My comment: be careful even if you are using a form of cross-validation. You can easily turn your test data into training data…
And the question leading to the comment: if I have to tune my optimization system parameters to get a performance improvement in my test data, did I just fit to my test data?
I finally downloaded enough data to do a rolling time series train/test validation with Bayesian optimization on a linear ranking system. At first my code was messed up and I was training and “testing” on the same data. I was able to confirm that the Bayesian optimization produced a system that performed better than a equal weighted ranking system on the train data set. It was only an 10% median (I think I did median and not mean) performance increase across 10 train/test sets, but still seemed significant.
However, once I fixed my error to test on the test data (about 2 years per split) I found that I was not able to get any consistent outperformance from the optimizer. At most I saw a 2% median improvement. So sometimes it was positive and sometimes negative. I then started to try and tune my hyper parameters (training period, number of optimization rounds…) to get more consistent performance. However, I realized that I am now fitting my hyper parameters to my test data…
The challenge I think we face is that most of us have at most 20 years of data. This is not a lot if we want to train on 10 years and still have a significant number of train/test splits. As such we cannot easily have a significant period of time that is a final hold out to test performance on.
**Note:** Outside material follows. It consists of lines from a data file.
(* Let $\mathcal A$ be a mixed online algorithm for an online problem $(\mathcal X,\mathcal R,d)$. Then there exist (1) a randomized algorithm $\mathcal A_1$ given as a probability distribution over deterministic online algorithms, (2) a behavioral online algorithm $\mathcal A_2$, and (3) a distributional online algorithm $\mathcal A_3$, all for the same problem, such that for every finite request sequence $\varrho$ the expected cost of $\mathcal A_1$ and of $\mathcal A_2$ on $\varrho$, and the cost of $\mathcal A_3$ on $\varrho$, are each at most $E(\mathrm{cost}_{\mathcal A}(\varrho))$.
   Context: Online problem: a set $\mathcal X$ of states (configurations), a set $\mathcal R$ of requests, a start state $s^0\in\mathcal X$, a function $d:\mathcal X\times\mathcal X\to[0,\infty)$ with $d(x,x)=0$ and $d(x,z)\le d(x,y)+d(y,z)$, and a cost function $\mathrm{cost}:\mathcal X\times\mathcal R\times\mathcal X\to[0,\infty)$ ($\mathrm{cost}(x,r,y)$ is the cost of serving request $r$ while moving from $x$ to $y$) satisfying $\mathrm{cost}(u,r,v)\le d(u,x)+\mathrm{cost}(x,r,y)+d(y,v)$ for all $u,x,y,v\in\mathcal X$, $r\in\mathcal R$. $\Pi$ denotes the set of finitely supported probability distributions on $\mathcal X$; a point mass at $x$ is identified with $x$. For $\pi,\pi'\in\Pi$ and $r\in\mathcal R$, $\mathrm{cost}(\pi,r,\pi')$ is the minimum transportation cost: the minimum of $\sum_{x,y}\gamma(x,y)\,\mathrm{cost}(x,r,y)$ over all probability distributions $\gamma$ on $\mathrm{supp}(\pi)\times\mathrm{supp}(\pi')$ whose first marginal is $\pi$ and second marginal is $\pi'$. Mixed online algorithm $\mathcal A$: a set $\mathcal M$ of memory states, a start memory state $m^0$, and for each full state $k=(\pi,m)\in\Pi\times\mathcal M$ (reachable by $\mathcal A$) and each request $r$, a finite list of "subsequent" full states $k_i=(\pi_i,m_i)$, $i=1,\dots,p$, with weights $\lambda_i>0$, $\sum_i\lambda_i=1$. Starting from $k^0=(s^0,m^0)$, on request $r^t$ the algorithm moves from $k^{t-1}$ to $k^t=k_i$ (the subsequents for $(k^{t-1},r^t)$) with probability $\lambda_i$. The cost of such a step is $\mathrm{cost}_{\mathcal A}(k,r)=\mathrm{cost}(\pi,r,\bar\pi)$ where $\bar\pi=\sum_i\lambda_i\pi_i$, and $\mathrm{cost}_{\mathcal A}(\varrho)=\sum_{t=1}^n\mathrm{cost}_{\mathcal A}(k^{t-1},r^t)$ (a random variable). Deterministic online algorithm: assigns to each finite request sequence $r^1\dots r^t$ a state $x^t$ depending only on $r^1,\dots,r^t$ (with $x^0=s^0$); its cost on $r^1\dots r^n$ is $\sum_t\mathrm{cost}(x^{t-1},r^t,x^t)$. A distribution over deterministic online algorithms is a random variable whose values are deterministic online algorithms; its cost is the expected cost. Behavioral online algorithm: a set $\mathcal M$ of memory states, a start memory $m^0$, and for each $(x,m)\in\mathcal X\times\mathcal M$ and $r\in\mathcal R$ a finitely supported probability distribution on $\mathcal X\times\mathcal M$; starting from $(s^0,m^0)$, on request $r^t$ it draws $(x^t,m^t)$ from the distribution associated with $(x^{t-1},m^{t-1},r^t)$; its cost is the random variable $\sum_t\mathrm{cost}(x^{t-1},r^t,x^t)$. Distributional online algorithm: a set $\mathcal M$ of memory states, a start memory $m^0$, and a deterministic map $(\pi,m,r)\mapsto(\pi',m')$ from $\Pi\times\mathcal M\times\mathcal R$ to $\Pi\times\mathcal M$; starting from $(s^0,m^0)$ it computes $(\pi^t,m^t)$ from $(\pi^{t-1},m^{t-1},r^t)$, and its cost is $\sum_t\mathrm{cost}(\pi^{t-1},r^t,\pi^t)$. *)

theory Defs
  imports "HOL-Probability.Probability"
begin
lemma steady_orbit_prod_eq:
  fixes M :: "real^'m::finite^'n::finite"
  assumes steady: "dsr_steady M (transpose M)"
    and p: "p permutes S" and fin: "finite S"
    and g_p: "\<forall>i\<in>S. g (p i) = f i" and inj_f: "inj_on f S"
    and nz_f: "\<forall>i\<in>S. M $ i $ f i \<noteq> 0" and nz_g: "\<forall>i\<in>S. M $ i $ g i \<noteq> 0"
    and a: "a \<in> S" "p a \<noteq> a"
  shows "(\<Prod>i\<in>set (support p a). \<bar>M $ i $ f i\<bar>) = (\<Prod>i\<in>set (support p a). \<bar>M $ i $ g i\<bar>)"
proof -
  define x where "x k = (p ^^ k) a" for k
  define r where "r = least_power p a"
  have perm: "permutation p" using fin p by (rule permutes_imp_permutation)
  have inj_x: "inj_on x {..<r}"
    using cycle_of_permutation[OF perm, of a]
    unfolding x_def[abs_def] r_def by (simp add: distinct_map atLeast_upt lessThan_atLeast0)
  have x_S: "x k \<in> S" for k
    using permutes_in_image[OF permutes_funpow[OF p]] a(1) by (simp add: x_def)
  have x_Suc: "x (Suc k) = p (x k)" for k by (simp add: x_def)
  interpret alternating_cycle x f r
  proof
    show "1 < r" using least_power_gt_one[OF perm a(2)] by (simp add: r_def)
    show "x r = x 0" using least_power_of_permutation(1)[OF perm] by (simp add: x_def r_def)
    show "inj_on f (x ` {..<r})" using x_S by (auto intro: inj_on_subset[OF inj_f])
  qed (fact inj_x)
  have g_Suc: "g (x (Suc k)) = f (x k)" for k using g_p x_S x_Suc by simp
  have "(\<Prod>k<r. \<bar>M $ x k $ f (x k)\<bar>) = (\<Prod>k<r. \<bar>M $ x (Suc k) $ g (x (Suc k))\<bar>)"
    unfolding g_Suc by (rule steady_alt_prod_eq[OF steady]) (use nz_f nz_g x_S g_Suc in metis)+
  also have "\<dots> = (\<Prod>k<r. \<bar>M $ x k $ g (x k)\<bar>)"
    by (rule prod_lessThan_Suc_periodic) (simp add: closed)
  finally have "(\<Prod>k<r. \<bar>M $ x k $ f (x k)\<bar>) = (\<Prod>k<r. \<bar>M $ x k $ g (x k)\<bar>)" .
  moreover have "set (support p a) = x ` {..<r}"
    unfolding x_def[abs_def] r_def by (simp add: lessThan_atLeast0)
  ultimately show ?thesis by (simp add: prod.reindex[OF inj_x])
qed

lemma permutes_inv_into_comp:
  assumes "inj_on f S" "inj_on g S" "f ` S = g ` S"
  shows "(\<lambda>k. if k \<in> S then inv_into S g (f k) else k) permutes S"
    and "i \<in> S \<Longrightarrow> g ((\<lambda>k. if k \<in> S then inv_into S g (f k) else k) i) = f i"
proof -
  have "bij_betw f S (g ` S)" using assms by (simp add: bij_betw_def)
  moreover have "bij_betw (inv_into S g) (g ` S) S"
    using assms(2) by (simp add: bij_betw_inv_into inj_on_imp_bij_betw)
  ultimately have "bij_betw (inv_into S g \<circ> f) S S" by (rule bij_betw_trans)
  then have "bij_betw (\<lambda>k. if k \<in> S then inv_into S g (f k) else k) S S"
    by (rule bij_betw_cong[THEN iffD1, rotated]) auto
  then show "(\<lambda>k. if k \<in> S then inv_into S g (f k) else k) permutes S"
    by (rule bij_imp_permutes) auto
  show "i \<in> S \<Longrightarrow> g ((\<lambda>k. if k \<in> S then inv_into S g (f k) else k) i) = f i"
    using assms(3) by (simp add: f_inv_into_f[where f=g] imageI[of i S f, simplified assms(3)])
qed
lemma total_in_cong:
  assumes "total_in k f" and "\<And>xs. length xs = k \<Longrightarrow> f xs = g xs"
  shows "total_in k g"
proof -
  have "total_pfun k f = total_pfun k g" using assms(2) by (auto simp: total_pfun_def)
  with assms(1) show ?thesis by (simp add: total_in_def)
qed

lemma total_in_proj: "1 \<le> k \<Longrightarrow> i < k \<Longrightarrow> total_in k (\<lambda>xs. xs ! i)"
  using proj_closed by (simp add: total_in_def)

lemma total_in_comp:
  assumes "1 \<le> m" "1 \<le> k" "total_in m g" "length hs = m" "\<forall>h\<in>set hs. total_in k h"
  shows "total_in k (\<lambda>xs. g (map (\<lambda>h. h xs) hs))"
proof -
  have "(k, pcomp k (total_pfun m g) (map (total_pfun k) hs)) \<in> S"
    using assms by (intro pcomp_closed) (auto simp: total_in_def)
  moreover have "pcomp k (total_pfun m g) (map (total_pfun k) hs) = total_pfun k (\<lambda>xs. g (map (\<lambda>h. h xs) hs))"
    using assms(4) by (auto simp: pcomp_def total_pfun_def fun_eq_iff comp_def)
  ultimately show ?thesis by (simp add: total_in_def)
qed

lemma total_in_comp1: "total_in 1 g \<Longrightarrow> 1 \<le> k \<Longrightarrow> total_in k a \<Longrightarrow> total_in k (\<lambda>xs. g [a xs])"
  using total_in_comp[of 1 k g "[a]"] by simp

lemma total_in_comp2:
  "total_in 2 g \<Longrightarrow> 1 \<le> k \<Longrightarrow> total_in k a \<Longrightarrow> total_in k b \<Longrightarrow> total_in k (\<lambda>xs. g [a xs, b xs])"
  using total_in_comp[of 2 k g "[a, b]"] by simp

lemma total_in_unary:
  "total_in 1 (\<lambda>xs. g (hd xs)) \<Longrightarrow> 1 \<le> k \<Longrightarrow> total_in k a \<Longrightarrow> total_in k (\<lambda>xs. g (a xs))"
  using total_in_comp1[of "\<lambda>xs. g (hd xs)" k a] by simp

lemma total_in_partial_comp:
  assumes "(1, g) \<in> S" "1 \<le> k" "total_in k a" "\<And>xs. length xs = k \<Longrightarrow> g [a xs] \<noteq> None"
  shows "total_in k (\<lambda>xs. the (g [a xs]))"
proof -
  have "(k, pcomp k g [total_pfun k a]) \<in> S"
    using assms by (intro pcomp_closed) (auto simp: total_in_def)
  moreover have "pcomp k g [total_pfun k a] = total_pfun k (\<lambda>xs. the (g [a xs]))"
    using assms(4) by (auto simp: pcomp_def total_pfun_def fun_eq_iff)
  ultimately show ?thesis by (simp add: total_in_def)
qed

lemma total_in_prec:
  assumes "1 \<le> k" "total_in k g" "total_in (Suc (Suc k)) h"
  shows "total_in (Suc k) (\<lambda>xs. total_prec g h (hd xs) (tl xs))"
proof -
  have "(Suc k, prec (total_pfun k g) (total_pfun (Suc (Suc k)) h)) \<in> S"
    using assms by (intro prec_closed) (auto simp: total_in_def)
  moreover have "prec_aux (total_pfun k g) (total_pfun (Suc (Suc k)) h) n ys
      = (if length ys = k then Some (total_prec g h n ys) else None)" for n ys
    by (induction n) (auto simp: total_pfun_def)
  then have "prec (total_pfun k g) (total_pfun (Suc (Suc k)) h) = total_pfun (Suc k) (\<lambda>xs. total_prec g h (hd xs) (tl xs))"
    by (auto simp: fun_eq_iff prec_def total_pfun_def split: list.split)
  ultimately show ?thesis by (simp add: total_in_def)
qed

lemma total_in_binary_prec:
  "total_in 1 g \<Longrightarrow> total_in 3 h \<Longrightarrow> total_in 2 (\<lambda>xs. total_prec g h (hd xs) (tl xs))"
  using total_in_prec[of 1 g h] unfolding numeral_2_eq_2 numeral_3_eq_3 by simp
Similarly if we split out universe in 2 we cannot easily trust that the data is truly “out of sample” as there are likely trends in the same time period across companies.
Maybe a solution is to hold out a few choice years/months across the 20 years that we only test performance on after we are done tuning hyper parameters. And we have to promise ourselves to not revisit that system many times after doing the final hold out test.
A simple visualization of the train/test split: note that each split trains on the full universe. I am just sliding the start and stop date
Note: I am doing this instead of k-fold to avoid any potential look ahead bias from training before and after my test period.